The Brenner Postdoc Prize, made possible through a sponsorship from Royalty Pharma through the Max Perutz Fund, rewards exceptional LMB postdoctoral researchers who have been in post for less than six years. The 2021 Prize has been jointly awarded to Gisela Otten and Girish Ram Mali.
Gisela Otten, a postdoc in Felix Randow’s group, worked on an important and challenging problem aimed at identifying the ubiquitin ligase that modifies lipopolysaccharide (LPS), a crucial step in the defence against bacteria that have entered cells. She developed an assay to track the activity of the elusive enzyme and through rigorous biochemical approaches identified RNF213. Gisela’s remarkable work identified, for the first time, an E3 ligase that modifies a non-proteinaceous substrate. Congratulations Gisela!

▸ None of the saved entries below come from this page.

lemma Wgt_shift_cocycle:
  assumes "q \<noteq> 0" and "\<And>s t. wgt a b q p s t \<noteq> 0"
  shows "Wgt a b q p (s + j) (n - j) * Wgt (a * q powi (2 * n - j)) (b * q powi (n + j)) q p s t
    = Wgt a b q p (s + j) (n - j + t)"
proof -
  have "(\<lambda>l. wgt a b q p (s + j) (l + n - j)) = (\<lambda>l. wgt a b q p (s + j) (l + (n - j)))"
    by (simp add: algebra_simps)
  then show ?thesis
    unfolding Wgt_def wgt_shift[OF assms(1)] using prodZ_append assms(2) by metis
qed

theorem corollary4:
  fixes n m :: int and k :: nat and a b q p :: complex
  assumes "norm p < 1"
    and "a \<noteq> 0" and "b \<noteq> 0" and "q \<noteq> 0"
    and "\<And>r::int. etheta (a * q powi r) p \<noteq> 0"
    and "\<And>r::int. etheta (b * q powi r) p \<noteq> 0"
    and "\<And>r::int. etheta (a * q powi r / b) p \<noteq> 0"
    and "\<And>r::int. r \<noteq> 0 \<Longrightarrow> etheta (q powi r) p \<noteq> 0"
  shows "ebinom a b q p (n + m) (int k) =
    (\<Sum>j=0..k. ebinom a b q p n (int j)
       * ebinom (a * q powi (2 * n - int j)) (b * q powi (n + int j)) q p m (int (k - j))
       * (\<Prod>i=1..k-j. Wgt a b q p (int i + int j) (n - int j)))"
proof -
  have wgt: "wgt a b q p s t \<noteq> 0" for s t
    using assms(4-7) by (rule wgt_nonzero)
  have wgt_shifted: "wgt (a * q powi (2 * n - int j)) (b * q powi (n + int j)) q p s t \<noteq> 0" for j :: nat and s t
    unfolding wgt_shift[OF assms(4)] by (rule wgt)
  interpret binom_convolution "Wgt a b q p" "ebinom a b q p"
    "\<lambda>j. Wgt (a * q powi (2 * n - int j)) (b * q powi (n + int j)) q p"
    "\<lambda>j. ebinom (a * q powi (2 * n - int j)) (b * q powi (n + int j)) q p" n
  proof
    show "binom_family (Wgt a b q p) (ebinom a b q p)"
      using wgt by (rule binom_family_ebinom)
    show "binom_family (Wgt (a * q powi (2 * n - int j)) (b * q powi (n + int j)) q p)
        (ebinom (a * q powi (2 * n - int j)) (b * q powi (n + int j)) q p)" for j
      using wgt_shifted by (rule binom_family_ebinom)
    show "Wgt (a * q powi (2 * n - int j)) (b * q powi (n + int j)) q p s 0 = 1" for j s
      by (rule Wgt_zero)
    show "Wgt a b q p (s + int j) (n - int j) * Wgt (a * q powi (2 * n - int j)) (b * q powi (n + int j)) q p s t
        = Wgt a b q p (s + int j) (n - int j + t)" for j s t
      using assms(4) wgt by (rule Wgt_shift_cocycle)
  qed
  show ?thesis
    using eq_convolution[of m k] unfolding convolution_def cross_weight_def .
qed

end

“I feel incredibly thankful for winning the Brenner Prize. It has been so encouraging and humbling to see my work recognised and the positive response from the ubiquitin field has been overwhelming. I would like to thank Emma Werner and the entire Randow lab, because it has been an amazing team effort! It’s exciting how the discovery of ubiquitylation of LPS has resulted in more questions than answers. Biology is so complex and beautiful and I can’t wait to step-by-step explore and understand more of it.”
In an outstanding body of work, Girish, a postdoc in Andrew Carter’s group, discovered a protein he named Shulin that packages dynein motors for delivery to cilia. Girish took the initiative to set up the system that allowed the biochemical isolation of dynein and its associated proteins to discover Shulin. He went on validating the genetic importance of Shulin, characterising its function and solving the structure of the complex to unravel how dynein is modified by Shulin. Congratulations Girish!
“I am humbled to receive the Brenner Prize for my postdoctoral work on behalf of a wonderfully collaborative team. This work typifies the research ethos of the LMB – discovery driven by cooperation and I am particularly proud of this aspect. The discovery of the dynein inhibitory factor Shulin also sheds light on an entirely new family of proteins that regulate the assembly of these molecular motors in the cell. Now, I am excited to shift my research focus to uncover the molecular mechanisms of this new family of proteins in my own lab at the University of Bristol.”
The Max Perutz Fund was established in 1980 in honour of LMB’s co-founder Max Perutz in order to promote and advance education and research in molecular biology and allied biomedical sciences. In addition to the Prizes, the Fund also provides awards for student travel and postdoctoral fellowships.